看着陈九源的背影,老刘抹了一把脸上的浆糊。

他啐了一口:“怪人!住在棺材巷,走路不沾泥,身上还没一点活人气。

这哪是开风水堂的,倒象是刚从义庄里爬出来透气的。”

----

接下来的三天,陈九源跑遍了小半个九龙。

上环南北行。

这里是药材集散地,南洋客商聚集。

空气里充斥着胡椒、丁香和陈皮混合的气味。

呛鼻。

陈九源花了大价钱,请几个专门跑南洋航线的老管事在茶楼坐下。

“南洋邪术?”

一个缺了门牙的老管事把一块烧卖塞进嘴里,含糊不清地说道:

“后生仔,那种东西你也敢碰?我劝你少打听。

前年有个跑船的带了个佛牌回来,结果全家死绝。

尸体都发黑,连法医都不敢验尸。”

“我只想知道,有没有懂解这东西的师傅?”

陈九源把一块银元推过去。

老管事收了钱,用指甲剔着牙缝里的肉丝:

“没听说过!那些降头师都在深山老林里,谁会来香江这种地方开堂坐诊?

就算有也是藏着掖着,怕被仇家砍死。
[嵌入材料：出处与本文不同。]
lemma not_nilpotent_FI_units_if_unbounded:
  assumes "\<not> bounded_poset TYPE('a::order)"
  shows "\<not> nilpotent_group (FI_units :: ('a \<Rightarrow> 'a \<Rightarrow> 'k::field) monoid)"
proof -
  have "\<exists>g \<in> lcs (FI_units :: ('a \<Rightarrow> 'a \<Rightarrow> 'k) monoid) n. g \<noteq> delta" for n
  proof -
    obtain a b :: 'a where "interval_chain (Suc n) a b"
      using assms unfolding bounded_poset_iff by blast
    then obtain a' where "a' < b" "(transvection a' b 1 :: 'a \<Rightarrow> 'a \<Rightarrow> 'k) \<in> lcs FI_units n"
      using interval_chain_transvection_lcs by blast
    moreover from \<open>a' < b\<close> have "(transvection a' b 1 :: 'a \<Rightarrow> 'a \<Rightarrow> 'k) a' b \<noteq> delta a' b"
      by (simp add: transvection_def diag_entry_def delta_def)
    ultimately show ?thesis by metis
  qed
  then show ?thesis
    using FI_units.nilpotent_group_iff by (auto simp: FI_units_one)
qed

section \<open>Antichains\<close>

lemma not_antichain_type_iff: "\<not> antichain_type TYPE('a::order) \<longleftrightarrow> (\<exists>a b::'a. a < b)"
  by (auto simp: antichain_type_def order.strict_iff_order)

lemma conv_commute_if_antichain:
  assumes "antichain_type TYPE('a::order)" "f \<in> FI" "g \<in> FI"
  shows "conv f g = conv g (f :: 'a \<Rightarrow> 'a \<Rightarrow> 'k::field)"
proof (intro ext)
  fix u v :: 'a
  have diag: "h \<in> FI \<Longrightarrow> h x y = (if x = y then h x x else 0)" for h :: "'a \<Rightarrow> 'a \<Rightarrow> 'k" and x y
    using assms(1) FI_eq_0[of h x y] by (auto simp: antichain_type_def)
  have row: "{z. u \<le> z \<and> z \<le> v \<and> h u z \<noteq> 0} \<subseteq> {u}" for h :: "'a \<Rightarrow> 'a \<Rightarrow> 'k"
    using assms(1) by (auto simp: antichain_type_def)
  have "conv f g u v = f u u * g u v" "conv g f u v = g u u * f u v"
    using conv_eq_sum_row[OF assms(2,3) _ row[of f]] conv_eq_sum_row[OF assms(3,2) _ row[of g]]
    by simp_all
  then show "conv f g u v = conv g f u v"
    using diag[OF assms(2), of u v] diag[OF assms(3), of u v] by (simp split: if_splits)
qed

lemma nilpotent_FI_units_if_antichain:
  assumes "antichain_type TYPE('a::order)"
  shows "nilpotent_group (FI_units :: ('a \<Rightarrow> 'a \<Rightarrow> 'k::field) monoid)"
proof -
  interpret comm_group "FI_units :: ('a \<Rightarrow> 'a \<Rightarrow> 'k) monoid"
  proof (rule FI_units.group_comm_groupI)
    fix x y :: "'a \<Rightarrow> 'a \<Rightarrow> 'k" assume "x \<in> carrier FI_units" "y \<in> carrier FI_units"
    then show "x \<otimes>\<^bsub>FI_units\<^esub> y = y \<otimes>\<^bsub>FI_units\<^esub> x"
      using conv_commute_if_antichain[OF assms FI_units_in_FI FI_units_in_FI] by (simp add: FI_units_mult)
  qed
  show ?thesis by (rule nilpotent_group)
qed

section \<open>The Lie algebra\<close>

lemma kspan_subset_zero:
  assumes "S \<subseteq> {\<lambda>_ _. 0}" shows "kspan S \<subseteq> {\<lambda>_ _. 0}"
proof
  fix t assume "t \<in> kspan S"
  then show "t \<in> {\<lambda>_ _. 0}" using assms by (induction rule: kspan.induct) auto
qed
”

陈九源离开茶楼,转身去了几家有名的中医馆。

坐堂的老中医把手指搭在他的脉搏上。

三分钟后,老中医眉头紧锁。

“脉象细数,心火亢盛,但底子里透着股阴寒。”

老中医收回手,拿起毛笔。

“后生仔,你这是虚劳过度,还沾了寒湿。

年轻人不要仗着身体好就乱来,房事要节制”

老中医开了几副补气养血的方子,顺便加了一句:

“回去多喝热水,少想那些有的没的。

这世界上哪有什么邪病,都是自己吓自己。”

多喝热水。

陈九源拿着药方出门,随手扔进路边的垃圾桶。

在青霉素都还没普及的年代,指望常规医疗手段解决玄学蛊毒,确实是想多了。

三天一无所获。

体内的蛊虫活动愈发频繁。

那种心悸的感觉,频率在增加。

----

黄昏。

陈九源站在西城的街头。

天色阴沉,雨水将至。

不远处,发财赌坊的金漆招牌在昏暗中闪着光。

正道走不通,只能走偏门。

九龙城寨这种三教九流汇聚的地方,消息最灵通的永远不是正经生意人,而是那些在泥坑里打滚的烂仔。

发财赌坊二楼。

自从上次利市冲煞之后,这里的生意火爆异常。

猪油仔穿着一身大红色的唐装,正翘着二郎腿坐在太师椅上。

----

猪油仔最近看什么都顺眼。

自从陈大师帮他破了那个局,这钱就象流水一样往口袋里钻。

他刚让手下把今天的帐本收进保险柜,正琢磨着晚上去哪个酒楼搓一顿海鲜。

“仔哥,陈大师来了。”门口的小弟通报。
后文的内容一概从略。